DIRECTIONS: Take the line that has "by (induction I" and all the lines that come after it in the records, and write them out again exactly. Add no other line.

----- DATA FOR THE TASK -----

lemma locally_C11_mult:
  assumes "locally_C11 p" "locally_C11 q"
  shows "locally_C11 (\<lambda>x. p x * q x)"
proof -
  obtain Gp Gq where "locally_lipschitz Gp" "\<And>x. has_gradient p (Gp x) x"
    "locally_lipschitz Gq" "\<And>x. has_gradient q (Gq x) x"
    using assms by (meson locally_C11_gradientE)
  moreover have "locally_lipschitz p" "locally_lipschitz q"
    using assms by (simp_all add: locally_C11_def)
  ultimately show ?thesis
    unfolding locally_C11_def has_gradient_def
    by (auto intro!: exI[of _ "\<lambda>x. p x *\<^sub>R Gq x + q x *\<^sub>R Gp x"] locally_lipschitz_add
        locally_lipschitz_scaleR[where 'b=real, simplified] locally_lipschitz_scaleR
        has_derivative_eq_rhs[OF has_derivative_mult] simp: inner_add_left algebra_simps)
qed

lemma locally_C11_sum:
  "finite I \<Longrightarrow> (\<And>i. i \<in> I \<Longrightarrow> locally_C11 (f i)) \<Longrightarrow> locally_C11 (\<lambda>x. \<Sum>i\<in>I. f i x)"
  by (induction I rule: finite_induct) (auto intro: locally_C11_add locally_C11_const)

section \<open>Gradients and gradient flows\<close>

lemma has_gradient_inner_eq_0_if_invariant:
  fixes f :: "'v::real_inner \<Rightarrow> real"
  assumes g: "has_gradient f g x" and invariant: "\<And>t. f (x + t *\<^sub>R e) = f x"
  shows "g \<bullet> e = 0"
proof -
  have "((\<lambda>t. x + t *\<^sub>R e) has_derivative (\<lambda>s. s *\<^sub>R e)) (at 0)"
    by (auto intro!: derivative_eq_intros)
  moreover have "(f has_derivative (\<lambda>h. g \<bullet> h)) (at (x + 0 *\<^sub>R e))"
    using g by (simp add: has_gradient_def)
  ultimately have "((\<lambda>t. f (x + t *\<^sub>R e)) has_derivative (\<lambda>s. g \<bullet> (s *\<^sub>R e))) (at 0)"
    by (rule has_derivative_compose)
  moreover have "((\<lambda>t. f (x + t *\<^sub>R e)) has_derivative (\<lambda>s. 0)) (at 0)"
    unfolding invariant by (rule has_derivative_const)
  ultimately have "(\<lambda>s. g \<bullet> (s *\<^sub>R e)) = (\<lambda>s. 0)"
    by (rule has_derivative_unique)
  from fun_cong[OF this, of 1] show ?thesis by simp
qed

-----

TASK OUTPUT:
  by (induction I rule: finite_induct) (auto intro: locally_C11_add locally_C11_const)

section \<open>Gradients and gradient flows\<close>

lemma has_gradient_inner_eq_0_if_invariant:
  fixes f :: "'v::real_inner \<Rightarrow> real"
  assumes g: "has_gradient f g x" and invariant: "\<And>t. f (x + t *\<^sub>R e) = f x"
  shows "g \<bullet> e = 0"
proof -
  have "((\<lambda>t. x + t *\<^sub>R e) has_derivative (\<lambda>s. s *\<^sub>R e)) (at 0)"
    by (auto intro!: derivative_eq_intros)
  moreover have "(f has_derivative (\<lambda>h. g \<bullet> h)) (at (x + 0 *\<^sub>R e))"
    using g by (simp add: has_gradient_def)
  ultimately have "((\<lambda>t. f (x + t *\<^sub>R e)) has_derivative (\<lambda>s. g \<bullet> (s *\<^sub>R e))) (at 0)"
    by (rule has_derivative_compose)
  moreover have "((\<lambda>t. f (x + t *\<^sub>R e)) has_derivative (\<lambda>s. 0)) (at 0)"
    unfolding invariant by (rule has_derivative_const)
  ultimately have "(\<lambda>s. g \<bullet> (s *\<^sub>R e)) = (\<lambda>s. 0)"
    by (rule has_derivative_unique)
  from fun_cong[OF this, of 1] show ?thesis by simp
qed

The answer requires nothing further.